Week 11 : Natural Language Processing (NLP)
1. Introduction
In Week 11, our focus is on building the **Customer Satisfaction Recommendation Model** using text data collected from customer surveys and order feedback.
This week emphasizes **data preprocessing, feature extraction using TF-IDF**, and preparing **final features for the recommendation engine**.
We aim to transform raw customer remarks into structured data suitable for machine learning models.
2. Objectives
- Understand the dataset and explore relevant columns for Week 11.
- Preprocess textual data for machine learning, including cleaning, tokenization, and normalization.
- Apply TF-IDF vectorization to extract key features from customer remarks.
- Prepare final feature set by combining TF-IDF features with categorical and numerical columns.
- Demonstrate outputs and key metrics for the recommendation model readiness.
3. Week 11 Tasks / Assignment
- Load and explore the dataset, focusing on columns like Customer Remarks, Product Category, and CSAT Score.
- Perform text preprocessing: remove stopwords, punctuation, lowercase conversion, and stemming.
- Generate TF-IDF features from cleaned customer remarks.
- Prepare the final feature table for model input.
- Visualize sample outputs: dataset columns, processed text, TF-IDF features, and final features.
- Calculate key metrics such as number of records processed, number of unique words in TF-IDF, and feature matrix size.
4. Outputs
4.1 Dataset Columns
| Index | Column Name |
| 0 | Unique id |
| 1 | channel_name |
| 2 | category |
| 3 | Sub-category |
| 4 | Customer Remarks |
| 5 | Order_id |
| 6 | order_date_time |
| 7 | Issue_reported at |
| 8 | issue_responded |
| 9 | Survey_response_Date |
| 10 | Customer_City |
| 11 | Product_category |
| 12 | Item_price |
| 13 | connected_handling_time |
| 14 | Agent_name |
| 15 | Supervisor |
| 16 | Manager |
| 17 | Tenure Bucket |
| 18 | Agent Shift |
| 19 | CSAT Score |
4.2 Sample Text Data
| Customer Remarks |
Issue_reported at |
| Item delayed in delivery | 01/08/2023 11:13 |
| Received wrong product | 01/08/2023 12:52 |
| Packaging damaged | 01/08/2023 20:16 |
| Product not working | 01/08/2023 20:56 |
| Excellent service | 01/08/2023 10:30 |
4.3 Processed Text Sample
| Customer Remarks |
Processed_Remarks |
| Item delayed in delivery | item delay deliveri |
| Received wrong product | receiv wrong product |
| Packaging damaged | packag damag |
| Product not working | product work |
| Excellent service | excel servic |
4.4 TF-IDF Features (Sample)
| Unique id | item | delay | deliveri | receiv | wrong | product |
| 7e9ae164 | 1 | 1 | 1 | 0 | 0 | 0 |
| b07ec1b0 | 0 | 0 | 0 | 1 | 1 | 1 |
| 200814dd | 0 | 0 | 0 | 0 | 0 | 0 |
4.5 Final Features for Recommendation Model (Sample)

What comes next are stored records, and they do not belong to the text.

lemma cmod_sq_dirichlet_sol_vtilde_bounds:
  fixes v :: "nat \<Rightarrow> real" and E :: real
  assumes "2 \<le> N" "0 \<le> zl" "0 \<le> zr"
  defines "T \<equiv> Ttrans (\<lambda>k. of_real (v k)) N E"
    and "D \<equiv> dirichlet_sol (vtilde v N zl zr) (of_real E) (Suc N)"
  shows "min 1 (zl\<^sup>2) * min 1 (zr\<^sup>2) / 4 * (opnorm T)\<^sup>2 \<le> (cmod D)\<^sup>2"
    and "(cmod D)\<^sup>2 \<le> 4 * ((1 + zl\<^sup>2) * (1 + zr\<^sup>2)) * (opnorm T)\<^sup>2"
proof -
  have D: "D = (upper_shear (- \<i> * of_real zr) ** T ** lower_shear (\<i> * of_real zl)) $ 1 $ 1"
    using Ttrans_first_column[of "vtilde v N zl zr" N E] Ttrans_vtilde[OF assms(1)]
    by (simp add: D_def T_def)
  have real: "\<And>i j. Im (T$i$j) = 0" and det: "det T = 1"
    by (simp_all add: T_def Im_Ttrans_of_real det_Ttrans)
  have "(opnorm T)\<^sup>2 \<le> (2 * norm T)\<^sup>2" "(norm T)\<^sup>2 \<le> (2 * opnorm T)\<^sup>2"
    by (intro power_mono opnorm_le_twice_norm norm_le_twice_opnorm opnorm_nonneg norm_ge_zero)+
  then have opn: "(opnorm T)\<^sup>2 \<le> 4 * (norm T)\<^sup>2" "(norm T)\<^sup>2 \<le> 4 * (opnorm T)\<^sup>2"
    by (simp_all add: power_mult_distrib)
  have lower: "min 1 (zl\<^sup>2) * min 1 (zr\<^sup>2) * (norm T)\<^sup>2 \<le> (cmod D)\<^sup>2"
    unfolding D by (rule shear_sandwich_corner_lower_bound[OF real det assms(2,3)])
  have upper: "(cmod D)\<^sup>2 \<le> (1 + zl\<^sup>2) * (1 + zr\<^sup>2) * (norm T)\<^sup>2"
    unfolding D by (rule shear_sandwich_corner_upper_bound[OF real det assms(2,3)])
  show "min 1 (zl\<^sup>2) * min 1 (zr\<^sup>2) / 4 * (opnorm T)\<^sup>2 \<le> (cmod D)\<^sup>2"
    using mult_left_mono[OF opn(1), of "min 1 (zl\<^sup>2) * min 1 (zr\<^sup>2) / 4"] lower by simp
  show "(cmod D)\<^sup>2 \<le> 4 * ((1 + zl\<^sup>2) * (1 + zr\<^sup>2)) * (opnorm T)\<^sup>2"
    using mult_left_mono[OF opn(2), of "(1 + zl\<^sup>2) * (1 + zr\<^sup>2)"] upper by simp
qed


text \<open>Conservation of the current Im (conj psi(n) psi(n+1)): it can only change through the
  imaginary part of the potential.\<close>

lemma Im_cnj_dirichlet_sol_mult:
  "Im (cnj (dirichlet_sol u z n) * dirichlet_sol u z (Suc n))
     = (\<Sum>s=1..n. (Im (u s) - Im z) * (cmod (dirichlet_sol u z s))\<^sup>2)"
proof (induction n)
  case (Suc n)
  define a where "a = dirichlet_sol u z n"
  define b where "b = dirichlet_sol u z (Suc n)"
  have "Im (cnj b * ((u (Suc n) - z) * b - a)) = (Im (u (Suc n)) - Im z) * (cmod b)\<^sup>2 + Im (cnj a * b)"
    using cmod_power2[of b] by (simp add: power2_eq_square algebra_simps)
  then show ?case using Suc by (simp add: a_def b_def)
qed simp

lemma dirichlet_sol_nonzero:
  assumes "Im (u 1) < 0" "\<And>s. Im (u s) \<le> 0" "0 \<le> Im z" "1 \<le> n"
  shows "dirichlet_sol u z (Suc n) \<noteq> 0"
proof
  assume zero: "dirichlet_sol u z (Suc n) = 0"
  let ?f = "\<lambda>s. (Im (u s) - Im z) * (cmod (dirichlet_sol u z s))\<^sup>2"
  have "sum ?f {1..n} = 0" using Im_cnj_dirichlet_sol_mult[of u z n] zero by simp
  moreover have "sum ?f {1..n} = ?f 1 + sum ?f {Suc 1..n}"
    using assms(4) by (rule sum.atLeast_Suc_atMost)
  moreover have "sum ?f {Suc 1..n} \<le> 0"
  proof (intro sum_nonpos mult_nonpos_nonneg)
    show "Im (u s) - Im z \<le> 0" for s using assms(2)[of s] assms(3) by linarith
  qed simp
  moreover have "?f 1 < 0" using assms(1,3) by simp
  ultimately show False by linarith
qed

lemma dirichlet_sol_holomorphic: "(\<lambda>z. dirichlet_sol u z n) holomorphic_on UNIV"
proof -
  have "(\<lambda>z. dirichlet_sol u z n) holomorphic_on UNIV \<and> (\<lambda>z. dirichlet_sol u z (Suc n)) holomorphic_on UNIV"
    by (induction n) (auto intro!: holomorphic_intros)
  then show ?thesis by simp
qed

lemma dirichlet_sol_asymptotic:
  "((\<lambda>z. dirichlet_sol u z (Suc n) / z ^ n) \<longlongrightarrow> (-1) ^ n) at_infinity"
proof -
  have c_inverse: "((\<lambda>z::complex. c * inverse z) \<longlongrightarrow> 0) at_infinity" for c
    by (rule tendsto_mult_right_zero[OF tendsto_inverse_0])
  have "((\<lambda>z. dirichlet_sol u z (Suc n) / z ^ n) \<longlongrightarrow> (-1) ^ n) at_infinity \<and>
        ((\<lambda>z. dirichlet_sol u z (Suc (Suc n)) / z ^ Suc n) \<longlongrightarrow> (-1) ^ Suc n) at_infinity"
  proof (induction n)
    case 0
    have "((\<lambda>z. u 1 * inverse z - 1) \<longlongrightarrow> 0 - 1) at_infinity"
      by (intro tendsto_diff c_inverse tendsto_const)
    moreover have "\<forall>\<^sub>F z in at_infinity. u 1 * inverse z - 1 = dirichlet_sol u z 2 / z"
      using eventually_not_equal_at_infinity[of 0]
      by eventually_elim (simp add: field_simps numeral_2_eq_2)
    ultimately show ?case by (simp add: numeral_2_eq_2 Lim_transform_eventually)
  next
    case (Suc n)
    then have A: "((\<lambda>z. dirichlet_sol u z (Suc n) / z ^ n) \<longlongrightarrow> (-1) ^ n) at_infinity"
      and B: "((\<lambda>z. dirichlet_sol u z (Suc (Suc n)) / z ^ Suc n) \<longlongrightarrow> (-1) ^ Suc n) at_infinity"
      by auto
    have "((\<lambda>z. (u (Suc (Suc n)) * inverse z - 1) * (dirichlet_sol u z (Suc (Suc n)) / z ^ Suc n)
              - (inverse z * inverse z) * (dirichlet_sol u z (Suc n) / z ^ n))
          \<longlongrightarrow> (0 - 1) * (-1) ^ Suc n - (0 * 0) * (-1) ^ n) at_infinity"
      by (intro tendsto_diff tendsto_mult c_inverse tendsto_const A B tendsto_inverse_0)
    moreover have "\<forall>\<^sub>F z in at_infinity.
        (u (Suc (Suc n)) * inverse z - 1) * (dirichlet_sol u z (Suc (Suc n)) / z ^ Suc n)
          - (inverse z * inverse z) * (dirichlet_sol u z (Suc n) / z ^ n)
        = dirichlet_sol u z (Suc (Suc (Suc n))) / z ^ Suc (Suc n)"
      using eventually_not_equal_at_infinity[of 0] by eventually_elim (simp add: field_simps)
    ultimately show ?case using B by (simp add: Lim_transform_eventually)
  qed
  then show ?thesis by simp
qed

definition dirichlet_ratio :: "(nat \<Rightarrow> complex) \<Rightarrow> nat \<Rightarrow> nat \<Rightarrow> complex \<Rightarrow> complex" where
  "dirichlet_ratio u N j z = dirichlet_sol u z j / dirichlet_sol u z (Suc N)"

lemma dirichlet_ratio_asymptotic:
  assumes "m < N"
  shows "((\<lambda>z. z * dirichlet_ratio u N (Suc m) z) \<longlongrightarrow> (if Suc m = N then -1 else 0)) at_infinity"
proof -
  define k where "k = N - Suc m"
  have N: "N = Suc m + k" using assms by (simp add: k_def)
  have "((\<lambda>z. (dirichlet_sol u z (Suc m) / z ^ m) / (dirichlet_sol u z (Suc N) / z ^ N) * inverse z ^ k)
      \<longlongrightarrow> ((-1) ^ m / (-1) ^ N) * 0 ^ k) at_infinity"
    by (intro tendsto_mult tendsto_divide dirichlet_sol_asymptotic tendsto_power tendsto_inverse_0) simp
  moreover have "\<forall>\<^sub>F z in at_infinity.
      (dirichlet_sol u z (Suc m) / z ^ m) / (dirichlet_sol u z (Suc N) / z ^ N) * inverse z ^ k
      = z * dirichlet_ratio u N (Suc m) z"
    using eventually_not_equal_at_infinity[of 0]
    by eventually_elim (simp add: dirichlet_ratio_def N field_simps power_add)
  moreover have "((-1) ^ m / (-1) ^ N) * (0::complex) ^ k = (if Suc m = N then -1 else 0)"
    using N by (cases k) auto
  ultimately show ?thesis by (simp add: Lim_transform_eventually)
qed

| Affiliates | Books & General merchandise | Electronics | Furniture | GiftCard | Home |
| 0 | 5 | 0 | 0 | 0 | 0 |
| 0 | 0 | 0 | 0 | 0 | 0 |
| 0 | 0 | 0 | 0 | 0 | 0 |
5. Key Metrics
- Total records processed: 50,000+
- Number of unique words (TF-IDF): 8,500+
- Feature matrix size for recommendation model: 50,000 x 100
- Columns used for modeling: Customer Remarks, Product Category, CSAT Score, TF-IDF Features
6. Week 11 Milestone
- Completed data exploration and preprocessing.
- Generated TF-IDF feature matrix from customer remarks.
- Prepared final feature table ready for input into recommendation model.
- Visualized sample outputs to verify correctness.
- Documented key metrics and insights for Week 11.